**** Dataset excerpts ****
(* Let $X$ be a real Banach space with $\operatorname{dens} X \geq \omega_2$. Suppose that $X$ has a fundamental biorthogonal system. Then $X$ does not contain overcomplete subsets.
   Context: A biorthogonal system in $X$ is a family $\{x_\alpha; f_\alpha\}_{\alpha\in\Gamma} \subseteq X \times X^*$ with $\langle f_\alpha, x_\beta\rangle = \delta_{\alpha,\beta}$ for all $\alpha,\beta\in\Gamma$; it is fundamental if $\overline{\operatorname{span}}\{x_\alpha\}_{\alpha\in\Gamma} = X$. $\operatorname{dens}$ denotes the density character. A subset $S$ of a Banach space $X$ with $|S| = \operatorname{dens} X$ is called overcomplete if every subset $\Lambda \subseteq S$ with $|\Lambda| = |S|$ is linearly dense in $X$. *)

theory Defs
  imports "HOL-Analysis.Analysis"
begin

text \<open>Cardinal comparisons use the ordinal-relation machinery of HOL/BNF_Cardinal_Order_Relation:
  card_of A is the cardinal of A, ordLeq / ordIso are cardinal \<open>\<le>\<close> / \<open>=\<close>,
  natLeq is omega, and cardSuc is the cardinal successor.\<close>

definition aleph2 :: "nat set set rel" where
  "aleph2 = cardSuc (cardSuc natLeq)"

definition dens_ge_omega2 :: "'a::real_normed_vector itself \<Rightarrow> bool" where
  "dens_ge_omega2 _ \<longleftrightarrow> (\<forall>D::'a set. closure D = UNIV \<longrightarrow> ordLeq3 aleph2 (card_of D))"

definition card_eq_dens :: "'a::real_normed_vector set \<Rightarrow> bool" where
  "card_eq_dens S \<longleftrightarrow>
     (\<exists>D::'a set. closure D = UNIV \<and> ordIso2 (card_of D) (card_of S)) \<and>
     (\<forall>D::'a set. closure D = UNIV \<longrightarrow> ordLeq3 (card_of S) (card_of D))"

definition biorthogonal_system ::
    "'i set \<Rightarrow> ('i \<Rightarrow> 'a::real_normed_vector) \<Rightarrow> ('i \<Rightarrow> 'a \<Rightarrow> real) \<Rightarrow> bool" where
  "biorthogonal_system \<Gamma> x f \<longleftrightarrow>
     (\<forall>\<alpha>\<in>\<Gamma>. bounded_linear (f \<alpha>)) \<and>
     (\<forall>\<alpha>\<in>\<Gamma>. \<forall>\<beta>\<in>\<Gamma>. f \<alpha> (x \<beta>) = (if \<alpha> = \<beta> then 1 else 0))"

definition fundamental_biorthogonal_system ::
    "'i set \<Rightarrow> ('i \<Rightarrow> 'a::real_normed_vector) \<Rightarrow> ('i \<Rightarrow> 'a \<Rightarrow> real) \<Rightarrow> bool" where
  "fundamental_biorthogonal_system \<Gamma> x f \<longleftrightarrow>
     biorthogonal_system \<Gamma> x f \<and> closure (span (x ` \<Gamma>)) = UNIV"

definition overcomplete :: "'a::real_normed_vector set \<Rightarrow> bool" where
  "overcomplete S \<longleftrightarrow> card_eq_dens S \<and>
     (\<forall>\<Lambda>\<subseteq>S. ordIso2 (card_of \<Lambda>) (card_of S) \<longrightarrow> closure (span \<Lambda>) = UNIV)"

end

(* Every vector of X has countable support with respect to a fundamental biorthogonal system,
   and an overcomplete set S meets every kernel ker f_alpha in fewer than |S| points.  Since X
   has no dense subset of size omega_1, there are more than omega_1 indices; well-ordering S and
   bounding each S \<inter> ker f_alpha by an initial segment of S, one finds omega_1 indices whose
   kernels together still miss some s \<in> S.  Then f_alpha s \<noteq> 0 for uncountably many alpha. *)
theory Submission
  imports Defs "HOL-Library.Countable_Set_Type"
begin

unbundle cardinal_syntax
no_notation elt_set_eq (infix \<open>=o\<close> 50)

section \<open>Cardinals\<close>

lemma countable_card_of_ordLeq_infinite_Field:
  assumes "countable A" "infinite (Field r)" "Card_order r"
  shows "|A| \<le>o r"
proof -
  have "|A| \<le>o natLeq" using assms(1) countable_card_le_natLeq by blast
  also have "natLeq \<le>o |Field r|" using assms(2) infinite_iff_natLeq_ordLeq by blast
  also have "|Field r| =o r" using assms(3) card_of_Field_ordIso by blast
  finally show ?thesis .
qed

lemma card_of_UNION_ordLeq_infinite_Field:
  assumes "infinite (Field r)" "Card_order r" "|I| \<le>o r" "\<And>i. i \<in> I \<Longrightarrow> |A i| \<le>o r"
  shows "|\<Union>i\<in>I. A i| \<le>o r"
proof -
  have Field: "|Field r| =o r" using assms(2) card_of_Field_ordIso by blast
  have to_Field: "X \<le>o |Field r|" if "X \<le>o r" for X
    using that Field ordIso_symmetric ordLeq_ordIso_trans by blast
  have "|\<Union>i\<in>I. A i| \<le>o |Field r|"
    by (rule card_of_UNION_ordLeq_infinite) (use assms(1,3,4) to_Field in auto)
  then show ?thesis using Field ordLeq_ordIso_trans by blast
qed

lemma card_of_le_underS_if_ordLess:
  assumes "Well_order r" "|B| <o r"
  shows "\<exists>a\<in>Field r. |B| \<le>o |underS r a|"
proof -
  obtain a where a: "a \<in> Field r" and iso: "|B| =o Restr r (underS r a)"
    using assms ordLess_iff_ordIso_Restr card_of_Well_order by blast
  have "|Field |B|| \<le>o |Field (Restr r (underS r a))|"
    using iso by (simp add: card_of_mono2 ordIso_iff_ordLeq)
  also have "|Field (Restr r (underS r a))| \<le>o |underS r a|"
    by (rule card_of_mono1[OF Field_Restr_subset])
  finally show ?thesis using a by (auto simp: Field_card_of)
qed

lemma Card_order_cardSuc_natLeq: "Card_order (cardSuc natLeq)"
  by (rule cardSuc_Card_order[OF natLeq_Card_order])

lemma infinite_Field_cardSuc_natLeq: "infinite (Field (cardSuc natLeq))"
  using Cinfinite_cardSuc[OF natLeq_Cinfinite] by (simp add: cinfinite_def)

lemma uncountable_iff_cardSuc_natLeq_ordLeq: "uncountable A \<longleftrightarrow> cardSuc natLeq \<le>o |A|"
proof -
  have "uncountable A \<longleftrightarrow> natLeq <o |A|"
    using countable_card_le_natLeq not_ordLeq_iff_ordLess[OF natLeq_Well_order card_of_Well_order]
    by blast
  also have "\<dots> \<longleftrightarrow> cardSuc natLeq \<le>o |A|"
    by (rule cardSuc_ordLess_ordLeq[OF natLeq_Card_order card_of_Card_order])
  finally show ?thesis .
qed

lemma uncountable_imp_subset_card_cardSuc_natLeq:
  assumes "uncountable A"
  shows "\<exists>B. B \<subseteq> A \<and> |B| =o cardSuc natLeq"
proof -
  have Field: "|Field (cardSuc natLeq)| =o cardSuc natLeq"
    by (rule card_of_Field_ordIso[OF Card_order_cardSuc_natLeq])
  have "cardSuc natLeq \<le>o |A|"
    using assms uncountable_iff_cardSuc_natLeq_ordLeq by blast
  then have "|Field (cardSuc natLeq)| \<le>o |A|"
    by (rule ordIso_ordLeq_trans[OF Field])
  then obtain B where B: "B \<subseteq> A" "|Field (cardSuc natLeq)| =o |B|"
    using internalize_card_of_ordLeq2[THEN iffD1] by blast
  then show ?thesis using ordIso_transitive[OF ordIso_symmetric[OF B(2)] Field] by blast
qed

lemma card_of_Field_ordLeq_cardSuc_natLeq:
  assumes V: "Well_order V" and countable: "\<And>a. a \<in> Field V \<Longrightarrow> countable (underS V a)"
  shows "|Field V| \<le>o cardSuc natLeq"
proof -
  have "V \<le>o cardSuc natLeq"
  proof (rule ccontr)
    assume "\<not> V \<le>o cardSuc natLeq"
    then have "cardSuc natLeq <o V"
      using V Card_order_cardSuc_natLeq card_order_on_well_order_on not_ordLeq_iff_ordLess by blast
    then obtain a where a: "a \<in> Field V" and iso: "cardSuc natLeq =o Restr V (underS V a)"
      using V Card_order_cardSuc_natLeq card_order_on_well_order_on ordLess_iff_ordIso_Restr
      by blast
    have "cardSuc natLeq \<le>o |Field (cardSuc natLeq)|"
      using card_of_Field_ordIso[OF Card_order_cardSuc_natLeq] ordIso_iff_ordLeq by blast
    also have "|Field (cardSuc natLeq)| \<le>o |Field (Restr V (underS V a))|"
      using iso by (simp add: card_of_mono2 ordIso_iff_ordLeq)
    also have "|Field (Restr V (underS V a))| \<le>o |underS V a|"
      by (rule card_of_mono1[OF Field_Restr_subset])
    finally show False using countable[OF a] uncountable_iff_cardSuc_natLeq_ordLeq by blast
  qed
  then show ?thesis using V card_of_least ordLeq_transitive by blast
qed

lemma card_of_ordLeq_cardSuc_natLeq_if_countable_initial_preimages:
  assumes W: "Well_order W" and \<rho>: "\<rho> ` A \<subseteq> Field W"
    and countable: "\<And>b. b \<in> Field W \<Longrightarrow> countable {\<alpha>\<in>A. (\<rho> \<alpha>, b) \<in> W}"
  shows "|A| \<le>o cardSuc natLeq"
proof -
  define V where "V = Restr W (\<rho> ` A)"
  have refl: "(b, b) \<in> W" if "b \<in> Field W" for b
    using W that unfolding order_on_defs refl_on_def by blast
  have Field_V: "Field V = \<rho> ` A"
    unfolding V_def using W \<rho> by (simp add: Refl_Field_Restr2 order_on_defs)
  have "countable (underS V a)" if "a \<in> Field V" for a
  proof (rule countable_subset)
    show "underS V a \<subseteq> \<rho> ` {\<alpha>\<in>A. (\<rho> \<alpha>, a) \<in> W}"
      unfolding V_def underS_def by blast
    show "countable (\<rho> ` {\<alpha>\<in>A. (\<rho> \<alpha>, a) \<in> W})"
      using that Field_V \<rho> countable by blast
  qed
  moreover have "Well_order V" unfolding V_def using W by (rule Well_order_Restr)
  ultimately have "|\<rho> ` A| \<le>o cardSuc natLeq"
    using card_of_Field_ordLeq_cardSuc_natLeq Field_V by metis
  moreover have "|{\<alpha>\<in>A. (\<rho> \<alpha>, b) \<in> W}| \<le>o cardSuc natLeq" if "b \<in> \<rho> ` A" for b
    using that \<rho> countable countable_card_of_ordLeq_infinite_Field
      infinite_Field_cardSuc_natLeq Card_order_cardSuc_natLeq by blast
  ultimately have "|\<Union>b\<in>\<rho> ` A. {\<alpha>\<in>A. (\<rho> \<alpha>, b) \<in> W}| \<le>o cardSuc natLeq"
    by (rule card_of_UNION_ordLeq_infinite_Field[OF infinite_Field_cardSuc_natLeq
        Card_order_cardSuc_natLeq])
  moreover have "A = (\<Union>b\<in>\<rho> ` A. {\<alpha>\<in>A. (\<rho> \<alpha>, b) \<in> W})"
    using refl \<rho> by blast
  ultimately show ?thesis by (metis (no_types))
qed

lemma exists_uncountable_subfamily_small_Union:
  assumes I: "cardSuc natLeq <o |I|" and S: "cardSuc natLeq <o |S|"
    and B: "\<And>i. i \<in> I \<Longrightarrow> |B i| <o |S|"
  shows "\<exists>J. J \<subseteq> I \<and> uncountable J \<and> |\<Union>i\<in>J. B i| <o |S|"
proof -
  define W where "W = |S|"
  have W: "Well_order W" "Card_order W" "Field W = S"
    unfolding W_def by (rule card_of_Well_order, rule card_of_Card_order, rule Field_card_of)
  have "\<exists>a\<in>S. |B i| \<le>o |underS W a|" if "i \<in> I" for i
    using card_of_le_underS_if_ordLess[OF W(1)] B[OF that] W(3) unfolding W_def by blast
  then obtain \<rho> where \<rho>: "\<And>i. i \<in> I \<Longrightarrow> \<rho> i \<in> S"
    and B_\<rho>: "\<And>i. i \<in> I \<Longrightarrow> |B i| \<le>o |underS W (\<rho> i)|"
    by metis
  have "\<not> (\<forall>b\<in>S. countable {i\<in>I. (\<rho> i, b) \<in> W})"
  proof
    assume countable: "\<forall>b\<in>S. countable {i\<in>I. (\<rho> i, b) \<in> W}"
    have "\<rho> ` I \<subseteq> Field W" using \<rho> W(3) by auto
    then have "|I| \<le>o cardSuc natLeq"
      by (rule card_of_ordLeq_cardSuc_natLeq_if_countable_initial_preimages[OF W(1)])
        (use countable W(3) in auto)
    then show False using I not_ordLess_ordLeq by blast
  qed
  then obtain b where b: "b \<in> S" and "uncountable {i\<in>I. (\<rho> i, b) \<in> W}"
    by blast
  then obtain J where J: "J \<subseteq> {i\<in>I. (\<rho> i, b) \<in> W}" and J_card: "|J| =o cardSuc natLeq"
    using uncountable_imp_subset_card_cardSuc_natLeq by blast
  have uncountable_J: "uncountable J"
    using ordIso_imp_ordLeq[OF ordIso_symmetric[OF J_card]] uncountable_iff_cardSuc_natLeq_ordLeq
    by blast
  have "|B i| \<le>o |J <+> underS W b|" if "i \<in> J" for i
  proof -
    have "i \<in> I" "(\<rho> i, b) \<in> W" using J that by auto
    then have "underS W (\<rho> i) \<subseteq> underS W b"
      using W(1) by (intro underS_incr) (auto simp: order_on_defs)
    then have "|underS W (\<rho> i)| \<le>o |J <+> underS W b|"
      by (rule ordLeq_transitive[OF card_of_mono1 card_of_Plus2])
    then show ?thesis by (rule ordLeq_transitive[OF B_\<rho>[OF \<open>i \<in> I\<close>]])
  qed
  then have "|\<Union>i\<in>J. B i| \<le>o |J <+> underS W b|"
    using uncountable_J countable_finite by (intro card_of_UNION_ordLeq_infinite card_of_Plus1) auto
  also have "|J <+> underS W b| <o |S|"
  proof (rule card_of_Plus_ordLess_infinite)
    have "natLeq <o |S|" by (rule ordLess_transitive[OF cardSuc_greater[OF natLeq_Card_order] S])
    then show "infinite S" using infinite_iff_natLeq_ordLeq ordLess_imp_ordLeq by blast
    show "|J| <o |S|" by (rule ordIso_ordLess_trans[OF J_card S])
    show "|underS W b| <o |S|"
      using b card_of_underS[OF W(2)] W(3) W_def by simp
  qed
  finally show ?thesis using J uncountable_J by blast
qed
****
» **What is being asked**: Reproduce exactly the section above that begins at the line containing "(\<forall>\<alpha>\<in>\<Gamma>. bounded_linear (f" and ends at the line containing "theory Submission", leaving out all other lines.

» **Exercise response**:
     (\<forall>\<alpha>\<in>\<Gamma>. bounded_linear (f \<alpha>)) \<and>
     (\<forall>\<alpha>\<in>\<Gamma>. \<forall>\<beta>\<in>\<Gamma>. f \<alpha> (x \<beta>) = (if \<alpha> = \<beta> then 1 else 0))"

definition fundamental_biorthogonal_system ::
    "'i set \<Rightarrow> ('i \<Rightarrow> 'a::real_normed_vector) \<Rightarrow> ('i \<Rightarrow> 'a \<Rightarrow> real) \<Rightarrow> bool" where
  "fundamental_biorthogonal_system \<Gamma> x f \<longleftrightarrow>
     biorthogonal_system \<Gamma> x f \<and> closure (span (x ` \<Gamma>)) = UNIV"

definition overcomplete :: "'a::real_normed_vector set \<Rightarrow> bool" where
  "overcomplete S \<longleftrightarrow> card_eq_dens S \<and>
     (\<forall>\<Lambda>\<subseteq>S. ordIso2 (card_of \<Lambda>) (card_of S) \<longrightarrow> closure (span \<Lambda>) = UNIV)"

end

(* Every vector of X has countable support with respect to a fundamental biorthogonal system,
   and an overcomplete set S meets every kernel ker f_alpha in fewer than |S| points.  Since X
   has no dense subset of size omega_1, there are more than omega_1 indices; well-ordering S and
   bounding each S \<inter> ker f_alpha by an initial segment of S, one finds omega_1 indices whose
   kernels together still miss some s \<in> S.  Then f_alpha s \<noteq> 0 for uncountably many alpha. *)
theory Submission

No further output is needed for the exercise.